Lu 107- La barque de Pierre, Poème pour un pêcheur de Sant Cebrià de Serge Pey, VOIXéditions

Serge Pey, Voix éditionsOui, ça commence toujours par les pieds. Les pieds font base. Ainsi les morts aident-ils  à se tenir debout. A risquer l’écart, le déséquilibre, c’est alors la marche. La marche en avant. Celle que vient de mener à bien Serge Pey entre le 16 et le 31 mai 2014 est un appel aux vivants. Le facteur de langue est parti de Toulouse pour déposer au terme de 15 étapes dans la boites aux lettres qui garde vivante la tombe d’Antonio Machado à Collioure, les courriers qu’il a fait écrire depuis octobre 2013 à « Don Antonio, le bon ». Enterré là depuis le 22 février 1939, « le poète du peuple » avait quitté  Madrid le 24 novembre 1936 contre son gré, pour rester aux côtés des républicains, ses compagnons de combat contre Franco et ses misérables. Dans la mémoire de tous ceux qui ont l’Espagne au cœur, sa langue et sa liberté,  Antonio Machado pérégrine encore. L’exil n’a pas effacé les « chemins sur la mer » qu’il a su tracer et dont il disait que c’était là  notre affaire d’homme. Ils écument encore de tous leurs sillages dans son œuvre comme dans celle de serge Pey.

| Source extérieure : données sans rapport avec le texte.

text \<open>The odd coefficients of $U(z)\,e_q(-xz)$ vanish.\<close>
lemma convolution_odd_vanishes:
  assumes "odd N"
  shows "(\<Sum>j\<le>N. u j * ((- x) ^ (N - j) / qf (N - j))) = 0"
proof -
  define F where "F k p = G k * (x ^ p / qf p) * weight (m + k) p
                              * ((- x) ^ (N - 2 * k - p) / qf (N - 2 * k - p))" for k p
  have inner: "(\<Sum>p\<le>N - 2 * k. F k p) = G k * x ^ (N - 2 * k) * qdelta (weight (m + k)) (N - 2 * k)"
    if "2 * k \<le> N" for k
    unfolding qdelta_def sum_distrib_left
  proof (intro sum.cong refl)
    fix p assume "p \<in> {..N - 2 * k}"
    then have "N - 2 * k = p + (N - 2 * k - p)"
      by simp
    then have "x ^ (N - 2 * k) = x ^ p * x ^ (N - 2 * k - p)"
      by (metis power_add)
    then show "F k p = G k * x ^ (N - 2 * k) * ((- 1) ^ (N - 2 * k - p) * weight (m + k) p
                 / (qf (N - 2 * k - p) * qf p))"
      by (simp add: F_def power_minus[of x] field_simps)
  qed
  have "(\<Sum>j\<le>N. u j * ((- x) ^ (N - j) / qf (N - j))) = (\<Sum>j\<le>N. \<Sum>k\<le>j div 2. F k (j - 2 * k))"
    by (intro sum.cong refl) (auto simp: u_expand sum_distrib_right sum_divide_distrib F_def intro!: sum.cong)
  also have "\<dots> = (\<Sum>k\<le>N div 2. \<Sum>p\<le>N - 2 * k. F k p)"
    by (rule sum_even_triangle_swap)
  also have "\<dots> = 0"
  proof (rule sum.neutral, rule ballI)
    fix k assume "k \<in> {..N div 2}"
    then have le: "2 * k \<le> N"
      by auto
    then have "odd (N - 2 * k)"
      using assms by auto
    then obtain t where "N - 2 * k = 2 * t + 1"
      by (rule oddE)
    then have "qdelta (weight (m + k)) (N - 2 * k) = 0"
      using qdelta_weight_odd[of "m + k" t] m_pos by simp
    then show "(\<Sum>p\<le>N - 2 * k. F k p) = 0"
      by (simp add: inner[OF le])
  qed
  finally show ?thesis .
qed

definition U :: "'a fps" where "U = Abs_fps u"

abbreviation dilate :: "'a fps \<Rightarrow> 'a fps" where
  "dilate F \<equiv> F oo (fps_const x * fps_X)"

lemma U_cross_relation:
  "U * dilate (qexp_neg_fps q) = (U oo - fps_X) * dilate (qexp_fps q)"
proof -
  have even: "(U * dilate (qexp_neg_fps q)) oo - fps_X = U * dilate (qexp_neg_fps q)"
  proof (rule fps_even_reflect)
    fix N :: nat assume "odd N"
    have "(U * dilate (qexp_neg_fps q)) $ N = (\<Sum>j\<le>N. u j * ((- x) ^ (N - j) / qf (N - j)))"
      by (simp add: fps_mult_nth atLeast0AtMost U_def qexp_neg_fps_def power_mult_distrib[symmetric])
    then show "(U * dilate (qexp_neg_fps q)) $ N = 0"
      using convolution_odd_vanishes[OF \<open>odd N\<close>] by simp
  qed
  have "dilate (qexp_neg_fps q) oo - fps_X = dilate (qexp_fps q)"
    by (rule fps_ext) (simp add: fps_compose_uminus' qexp_fps_def qexp_neg_fps_def
        power_mult_distrib[symmetric])
  then show ?thesis
    using even by (simp add: fps_compose_mult_distrib)
qed
lemma exp_decay_of_differential_inequality:
  fixes f f' :: "real \<Rightarrow> real"
  assumes cont: "continuous_on {0..} f"
    and deriv: "\<And>s. 0 < s \<Longrightarrow> (f has_real_derivative f' s) (at s)"
    and ineq: "\<And>s. 0 < s \<Longrightarrow> f' s \<le> - \<rho> * f s"
    and t: "0 \<le> t"
  shows "f t \<le> exp (- \<rho> * t) * f 0"
proof -
  define g where "g s = exp (\<rho> * s) * f s" for s
  have "\<exists>D. (g has_real_derivative D) (at s) \<and> D \<le> 0" if "0 < s" for s
  proof (intro exI conjI)
    show "(g has_real_derivative exp (\<rho> * s) * (f' s + \<rho> * f s)) (at s)"
      unfolding g_def[abs_def] using deriv[OF that]
      by (auto intro!: derivative_eq_intros simp: algebra_simps)
    show "exp (\<rho> * s) * (f' s + \<rho> * f s) \<le> 0"
      using ineq[OF that] by (simp add: mult_nonneg_nonpos)
  qed
  moreover have "continuous_on {0..t} g"
    unfolding g_def using continuous_on_subset[OF cont]
    by (intro continuous_intros) auto
  ultimately have "g t \<le> g 0"
    using DERIV_nonpos_imp_decreasing_open[OF t] by blast
  then show ?thesis
    unfolding g_def by (simp add: exp_minus field_simps)
qed

text \<open>The equation \<open>v' = -(\<mu> u + \<beta> B\<^sup>* B u) - d v\<close> is imposed weakly, against every test
  vector \<open>X\<close>, so that no adjoint of \<open>B\<close> is needed.\<close>
lemma damped_energy_decay:
  fixes U V W :: "real \<Rightarrow> 'a::real_inner" and B :: "'a \<Rightarrow> 'b::real_inner"
  assumes B: "bounded_linear B" and pars: "0 \<le> \<mu>" "0 \<le> \<beta>" "0 \<le> d"
    and U': "\<forall>t\<ge>0. (U has_vector_derivative V t) (at t within {0..})"
    and V_cont: "continuous_on {0..} V"
    and V': "\<forall>t>0. (V has_vector_derivative W t) (at t)"
    and eq: "\<forall>t>0. \<forall>X. inner (W t) X
                 = - (\<mu> * inner (U t) X + \<beta> * inner (B (U t)) (B X)) - d * inner (V t) X"
    and \<rho>: "\<rho> \<le> 2 / 3 * damping_rate \<mu> d"
    and t: "0 \<le> t"
  shows "damped_energy \<mu> \<beta> B (U t) (V t) \<le> 3 * exp (- \<rho> * t) * damped_energy \<mu> \<beta> B (U 0) (V 0)"
proof -
  define \<kappa> where "\<kappa> = damping_rate \<mu> d"
  define E where "E s = damped_energy \<mu> \<beta> B (U s) (V s)" for s
  define L where "L s = lyapunov_energy \<kappa> \<mu> \<beta> B (U s) (V s)" for s
  have L_E: "E s / 2 \<le> L s" "L s \<le> 3 / 2 * E s" for s
    unfolding L_def E_def \<kappa>_def using pars
    by (intro lyapunov_energy_bounds damping_rate_nonneg damping_rate_le; simp)+
  have U_cont: "continuous_on {0..} U"
    using U' by (auto intro: has_vector_derivative_continuous simp: continuous_on_eq_continuous_within)
  have "continuous_on {0..} L"
    unfolding L_def lyapunov_energy_def damped_energy_def
    using U_cont V_cont continuous_on_compose[OF U_cont linear_continuous_on[OF B]]
    by (intro continuous_intros) (auto simp: o_def)
  moreover have "(L has_real_derivative lyapunov_derivative \<kappa> \<mu> \<beta> d B (U s) (V s)) (at s)"
    if "0 < s" for s
  proof -
    have "at s within {0..} = at s"
      using that by (intro at_within_interior) auto
    then have "(U has_vector_derivative V s) (at s)"
      using U' that by (metis less_imp_le)
    then show ?thesis
      unfolding L_def[abs_def] using that V' eq by (intro lyapunov_has_real_derivative[OF B]) auto
  qed
  moreover have "lyapunov_derivative \<kappa> \<mu> \<beta> d B (U s) (V s) \<le> - \<rho> * L s" for s
    unfolding L_def \<kappa>_def using lyapunov_derivative_le_rate[OF pars \<rho>] .
  ultimately have "L t \<le> exp (- \<rho> * t) * L 0"
    by (intro exp_decay_of_differential_inequality[OF _ _ _ t])
  then have "E t \<le> 2 * exp (- \<rho> * t) * L 0"
    using L_E(1)[of t] by simp
  also have "\<dots> \<le> 3 * exp (- \<rho> * t) * E 0"
    using L_E(2)[of 0] by simp
  finally show ?thesis
    unfolding E_def .
qed

lemma bounded_linear_bdot: "bounded_linear (bdot \<xi>)"
  unfolding bdot_def
  by (intro bounded_linear_sum bounded_linear_compose[OF bounded_linear_mult_right bounded_linear_vec_nth])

 Dans sa marche de la Mémoire, dont la Poésie est fille, il a pris avec lui quelques munitions – ce sont livres chez Montaigne ! Outre ceux de Machado, Lorca, Hernandez, il a pris les siens et parmi les derniers : Le trésor de la guerre d’Espagne (Zulma), Les poupées de Rivesaltes (Quiero), L’agenda rouge du MIR – Mouvement indompté du Rêve – (Al Dante) et La barque de Pierre, poème pour un pêcheur de Sant Cebrià (VOIXéditions) dont j’aimerais vous dire quelques mots.

Saint-Cyprien, quartier de Toulouse où vécut Serge Pey est aussi le nom d’un village de pêcheurs sur la côte catalane, près d’Argelès où vécut dans un camp de concentration une partie de sa famille lors de « la retirada ». Serge Pey, « résistant du sens de l’homme », est un « esgardeur ». Sa main qui écrit a deux yeux, le premier est ouvert sur le passé, son regard l’empoigne : misère et grandeur, honte et fierté, meurtres et tortures, abandons et trahisons. La mémoire nourrit la révolte et la hargne. Le second se porte sur le présent qui se dissout dans l’actuel quand « les marchands vendent tout / jusqu’au soleil / qui ne leur appartient pas » , quand « les bouchers de la lumière (…) débitent la mort » pour « les passants de l’été », décérébrés, sans mémoire qui « passent devant le Bel Ange / échoué au Barcarès / sans savoir son histoire ». Sans savoir qu’ici, les bulldozers ont détruit le Bourdigou aux maisons de sanils et de vent, où « l’on pensait faire / des choses en commun / pour qu’elles ne soient pas communes ».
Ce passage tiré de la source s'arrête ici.